However, the effective role of LETM1 as Ca2+/H+ exchanger still remains a subject of discussion, since its activity is blocked by treatment with CGP37157 (channel inhibitor that mediates mitochondrial calcium efflux) and red/Ru360 (inhibitor of MCU). Furthermore, LETM1 is associated with K+ homeostasis, and the loss of LETM1 lowers mitochondrial membrane potential, and the mitochondrial H+/Ca2+ exchanger turned out to be non-electrogenic (one Ca2+ in for two H+ out) [45, 46].

6.3 NCLX/NCKX6

A Na+-dependent mechanism that mediates mitochondrial Ca2+ efflux has been demonstrated, but the molecular identity of this transporter has also remained elusive. In a recent study, Palty and co-workers showed that the Na+/Ca2+ exchanger NCLX is enriched in mitochondria, where it is localized to the cristae [47]. This protein was identified as a member of the Na+/Ca2+ exchanger situated in the ER or plasma membrane, but Palty et al., shown that in several tissues endogenous NCLX is enriched primarily in mitochondria, but not in ER and plasma membrane. The same observation is achieved overexpressing the protein in different cell lines, and the results show that expression of NCLX enhances mitochondrial Ca2+ efflux; this is blocked by CGP37157 and by mutations in the catalytic site of NCLX. Besides, the role of NCLX as a mitochondrial Na+/Ca2+ exchanger is supported by evidence that NCLX mediates Li+/Ca2+ exchange, a functional property that, among NCX proteins, is shared exclusively with the mitochondrial exchanger [47].

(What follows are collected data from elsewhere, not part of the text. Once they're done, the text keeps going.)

(* If $G$ is a $t$-clique-sum of graphs $G_1$ and $G_2$ and $r\in\mathbb{N}$, then $\xi_{[r]}(G)=\max\{\xi_{[r]}(G_1),\xi_{[r]}(G_2)\}$.
   Context: A $t$-clique-sum of $G_1$ and $G_2$ is the graph $G=G_1\cup G_2$ (vertex and edge sets the unions) where $G_1$ and $G_2$ intersect exactly in a complete graph $K_t$ (i.e. $V(G_1)\cap V(G_2)$ has $t$ vertices, pairwise adjacent in both, and $G_1,G_2$ are induced subgraphs of $G$). A $(d;r)$ orthogonal subspace representation of $G$ is a family $\{S_u\}_{u\in V(G)}$ of $r$-dimensional subspaces of $\mathbb{C}^d$ with $S_u\perp S_v$ whenever $uv\in E(G)$; $\xi_{[r]}(G)$ is the least $d$ for which one exists. *)

theory Defs
  imports Complex_Main "HOL-Library.Function_Algebras"
begin

definition simple_graph :: "'a set \<Rightarrow> 'a set set \<Rightarrow> bool" where
  "simple_graph V E \<longleftrightarrow> finite V \<and> (\<forall>e\<in>E. \<exists>u v. e = {u, v} \<and> u \<in> V \<and> v \<in> V \<and> u \<noteq> v)"

definition clique_sum ::
  "nat \<Rightarrow> 'a set \<Rightarrow> 'a set set \<Rightarrow> 'a set \<Rightarrow> 'a set set \<Rightarrow> 'a set \<Rightarrow> 'a set set \<Rightarrow> bool" where
  "clique_sum t V E V1 E1 V2 E2 \<longleftrightarrow>
     V = V1 \<union> V2 \<and> E = E1 \<union> E2 \<and>
     card (V1 \<inter> V2) = t \<and>
     (\<forall>u\<in>V1 \<inter> V2. \<forall>v\<in>V1 \<inter> V2. u \<noteq> v \<longrightarrow> {u, v} \<in> E1 \<and> {u, v} \<in> E2) \<and>
     E1 = {e\<in>E. e \<subseteq> V1} \<and> E2 = {e\<in>E. e \<subseteq> V2}"

text \<open>Vectors of C^d are represented as functions nat => complex vanishing from index d on.\<close>
definition cscale :: "complex \<Rightarrow> (nat \<Rightarrow> complex) \<Rightarrow> (nat \<Rightarrow> complex)" where
  "cscale c v = (\<lambda>i. c * v i)"

definition cvecs :: "nat \<Rightarrow> (nat \<Rightarrow> complex) set" where
  "cvecs d = {v. \<forall>i\<ge>d. v i = 0}"

definition cinner :: "nat \<Rightarrow> (nat \<Rightarrow> complex) \<Rightarrow> (nat \<Rightarrow> complex) \<Rightarrow> complex" where
  "cinner d v w = (\<Sum>i<d. v i * cnj (w i))"

definition orth_subspaces :: "nat \<Rightarrow> (nat \<Rightarrow> complex) set \<Rightarrow> (nat \<Rightarrow> complex) set \<Rightarrow> bool" where
  "orth_subspaces d S T \<longleftrightarrow> (\<forall>x\<in>S. \<forall>y\<in>T. cinner d x y = 0)"

definition subspace_dim :: "nat \<Rightarrow> nat \<Rightarrow> (nat \<Rightarrow> complex) set \<Rightarrow> bool" where
  "subspace_dim d r S \<longleftrightarrow> module.subspace cscale S \<and> S \<subseteq> cvecs d \<and> vector_space.dim cscale S = r"

definition osr :: "'a set \<Rightarrow> 'a set set \<Rightarrow> nat \<Rightarrow> nat \<Rightarrow> ('a \<Rightarrow> (nat \<Rightarrow> complex) set) \<Rightarrow> bool" where
  "osr V E d r S \<longleftrightarrow> (\<forall>u\<in>V. subspace_dim d r (S u)) \<and>
     (\<forall>u\<in>V. \<forall>v\<in>V. {u, v} \<in> E \<longrightarrow> orth_subspaces d (S u) (S v))"

definition xi :: "nat \<Rightarrow> 'a set \<Rightarrow> 'a set set \<Rightarrow> nat" where
  "xi r V E = (LEAST d. \<exists>S. osr V E d r S)"

end

(*
  Restricting a representation of G to G1 or G2 gives xi(Gi) <= xi(G). Conversely, pad
  representations of G1 and G2 with zeros to the common dimension max xi(Gi). On the clique
  K = V1 \<inter> V2 the subspaces are pairwise orthogonal, so orthonormal bases of them form, on
  either side, an orthonormal system of |K| r vectors. A unitary map (a product of
  Householder-type maps) carries the system of G2 onto that of G1; after applying it to the
  whole representation of G2 both representations agree on K, and since every edge of G lies in
  G1 or in G2 they glue to a representation of G.
*)
theory Submission
  imports Defs
begin

interpretation cv: vector_space cscale
  by unfold_locales (auto simp: cscale_def algebra_simps)

lemma cscale_apply: "cscale c v i = c * v i"
  by (simp add: cscale_def)

lemma sum_fun_apply: "(sum f A) i = (\<Sum>a\<in>A. f a i)"
  for f :: "'b \<Rightarrow> 'c \<Rightarrow> 'd::comm_monoid_add"
  by (induction A rule: infinite_finite_induct) auto

lemma cinner_add_left: "cinner d (x + y) z = cinner d x z + cinner d y z"
  by (simp add: cinner_def algebra_simps sum.distrib)

lemma cinner_add_right: "cinner d x (y + z) = cinner d x y + cinner d x z"
  by (simp add: cinner_def algebra_simps sum.distrib)

lemma cinner_diff_left: "cinner d (x - y) z = cinner d x z - cinner d y z"
  by (simp add: cinner_def algebra_simps sum_subtractf)

lemma cinner_diff_right: "cinner d x (y - z) = cinner d x y - cinner d x z"
  by (simp add: cinner_def algebra_simps sum_subtractf)

lemma cinner_scale_left: "cinner d (cscale c x) y = c * cinner d x y"
  by (simp add: cscale_apply cinner_def sum_distrib_left algebra_simps)

lemma cinner_scale_right: "cinner d x (cscale c y) = cnj c * cinner d x y"
  by (simp add: cscale_apply cinner_def sum_distrib_left algebra_simps)

lemma cinner_zero_left [simp]: "cinner d 0 y = 0"
  by (simp add: cinner_def)

lemma cinner_sum_left: "cinner d (sum f A) y = (\<Sum>a\<in>A. cinner d (f a) y)"
  unfolding cinner_def sum_fun_apply sum_distrib_right by (rule sum.swap)

lemma cinner_commute: "cinner d y x = cnj (cinner d x y)"
  by (simp add: cinner_def mult.commute)

lemma cinner_self: "cinner d x x = of_real (\<Sum>i<d. (cmod (x i))\<^sup>2)"
  unfolding cinner_def of_real_sum by (intro sum.cong refl) (simp only: complex_norm_square)

lemma cinner_self_eq_0:
  assumes x: "x \<in> cvecs d" and "cinner d x x = 0"
  shows "x = 0"
proof
  fix i
  have "(\<Sum>i<d. (cmod (x i))\<^sup>2) = 0"
    using assms(2) unfolding cinner_self of_real_eq_0_iff .
  then have "\<forall>i<d. x i = 0"
    by (subst (asm) sum_nonneg_eq_0_iff) auto
  then show "x i = 0 i"
    using x by (cases "i < d") (auto simp: cvecs_def)
qed

lemma cinner_lift:
  assumes "x \<in> cvecs d" "d \<le> d'"
  shows "cinner d' x y = cinner d x y"
  unfolding cinner_def
  by (rule sum.mono_neutral_right) (use assms in \<open>auto simp: cvecs_def\<close>)
lemma nest_shifts_low_pairs:
  assumes cover: "nest_cover \<G> {1..n} id n"
  shows "2 * k \<le> n \<Longrightarrow> 1 \<le> a \<Longrightarrow> a \<le> k \<Longrightarrow> a < b \<Longrightarrow> a + b \<le> n \<Longrightarrow> {a, b} \<in> nest_shifts n \<G> k"
proof (induction k arbitrary: a b)
  case (Suc k)
  show ?case
  proof (cases "a \<le> k")
    case True
    then have old: "{a, b} \<in> nest_shifts n \<G> k" using Suc.IH Suc.prems by simp
    show ?thesis
    proof (cases "b = n - k")
      case False
      then show ?thesis unfolding nest_shifts.simps using old True Suc.prems by (intro sh_keep) auto
    next
      case True
      \<comment> \<open>the pair \<open>{a, b}\<close> survives since its shift \<open>{a, Suc k}\<close> is already present\<close>
      have "{a, Suc k} \<in> nest_shifts n \<G> k" using Suc.IH Suc.prems \<open>a \<le> k\<close> by simp
      moreover have "insert (Suc k) ({a, b} - {n - k}) = {a, Suc k}" using True Suc.prems by auto
      ultimately show ?thesis using old by (simp add: sh_keep)
    qed
  next
    case False
    then have a: "a = Suc k" using Suc.prems by auto
    have "{a, b} \<in> \<G> \<or> {b, n + 1 - a} \<in> \<G>"
      using nest_cover_idD[OF cover] Suc.prems by simp
    then show ?thesis
    proof
      assume "{a, b} \<in> \<G>"
      moreover have "{a, b} \<subseteq> {k + 1..n - k}" using Suc.prems a by auto
      ultimately have "{a, b} \<in> nest_shifts n \<G> k" by (rule nest_shifts_keep_inner)
      then show ?thesis using a by (simp add: sh_keep)
    next
      assume "{b, n + 1 - a} \<in> \<G>"
      moreover have "{b, n + 1 - a} \<subseteq> {k + 1..n - k}" using Suc.prems a by auto
      ultimately have "{b, n - k} \<in> nest_shifts n \<G> k" using a by (metis nest_shifts_keep_inner diff_Suc_Suc plus_1_eq_Suc add.commute)
      then have "insert (Suc k) ({b, n - k} - {n - k}) \<in> nest_shifts n \<G> (Suc k)"
        using Suc.prems a by (simp add: sh_shifted_member)
      moreover have "insert (Suc k) ({b, n - k} - {n - k}) = {a, b}" using Suc.prems a by auto
      ultimately show ?thesis by simp
    qed
  qed
qed simp

lemma B_subset_nest_shifts:
  assumes "nest_cover \<G> {1..n} id n"
  shows "B n \<subseteq> nest_shifts n \<G> (n div 2)"
proof
  fix F assume "F \<in> B n"
  then obtain a b where "F = {a, b}" "1 \<le> a" "a < b" "a + b \<le> n" unfolding B_def by auto
  moreover from this have "a \<le> n div 2" by linarith
  ultimately show "F \<in> nest_shifts n \<G> (n div 2)" using nest_shifts_low_pairs[OF assms] by auto
qed

theorem mainTheorem6:
  fixes V :: "'a set" and E :: "'a set set" and n :: nat
  assumes "finite V" and "card V = n"
    and "\<forall>e\<in>E. e \<subseteq> V \<and> card e = 2"
    and "\<forall>T. T \<subseteq> V \<and> card T = 3 \<longrightarrow> (\<exists>e\<in>E. e \<subseteq> T)"
  shows "\<exists>f Gc. bij_betw f V {1..n} \<and> comb_shifting n ((\<lambda>e. f ` e) ` E) Gc \<and> B n \<subseteq> Gc"
proof -
  have edges: "\<forall>e\<in>E. card e = 2" "\<forall>e\<in>E. finite e"
    using assms(3) by (auto intro: card_ge_0_finite)
  obtain f where f: "bij_betw f V {1..n}" "nest_cover E V f n"
    using exists_nest_cover_labelling[OF assms(1,2) edges(1) assms(4)] by blast
  define \<G> where "\<G> = (\<lambda>e. f ` e) ` E"
  have "finite E" using assms(1,3) by (meson Pow_iff finite_Pow_iff rev_finite_subset subsetI)
  then have fin: "finite \<G>" "\<forall>G\<in>\<G>. finite G" unfolding \<G>_def using edges(2) by auto
  have cover: "nest_cover \<G> {1..n} id n" unfolding \<G>_def using nest_cover_image f .
  have "(sh_step n)\<^sup>*\<^sup>* \<G> (nest_shifts n \<G> (n div 2))" by (rule nest_shifts_steps) simp
  moreover have "B n \<subseteq> nest_shifts n \<G> (n div 2)" using B_subset_nest_shifts[OF cover] .
  ultimately obtain Gc where "comb_shifting n \<G> Gc" "B n \<subseteq> Gc"
    using exists_comb_shifting_above[OF _ fin shifted_B] by blast
  then show ?thesis using f(1) unfolding \<G>_def by blast
qed

end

7. Intracellular calcium extrusion mechanism

Once it activates its downstream targets, Ca2+ has carried out its functions and needs to be rapidly removed from the cytosol to restore the resting levels of approximately 100 nM. For this purpose, the cell uses the combined activity of Ca2+ extrusion mechanisms (such as PMCA and NCX) and mechanisms that refill the intracellular stores (like sarco-endoplasmic reticulum Ca2+-ATPases, SERCAs, and the secretory-pathway Ca2+-ATPases, SPCAs, of the Golgi apparatus).

7.1 PMCA

The plasma membrane calcium ATPases (PMCA) is localized on the plasma membrane and couples ATP hydrolysis to the maintenance of appropriate cytoplasmic calcium levels by removing calcium from the cytosol to the extracellular spaces. There are at least four different PMCA isoforms (PMCA1-4) and several splice variants (about 26) that are encoded by four independent genes. Some of these are ubiquitously expressed in the organism (PMCA1 and -4), while others (PMCA2 and -3) have a tissue-specific expression patterns. Structurally, PMCAs consist of 10 transmembrane domains, two major intracellular loops, and N- and C-cytoplasmic domains. The pump operates with high Ca2+ affinity and low transport capacity, with a 1:1 Ca2+/ATP stoichiometry. Under optimal conditions, the K d of PMCA for Ca2+ is about 10-30 μM in resting conditions and about 0.2-0.5 μM in activated conditions [48].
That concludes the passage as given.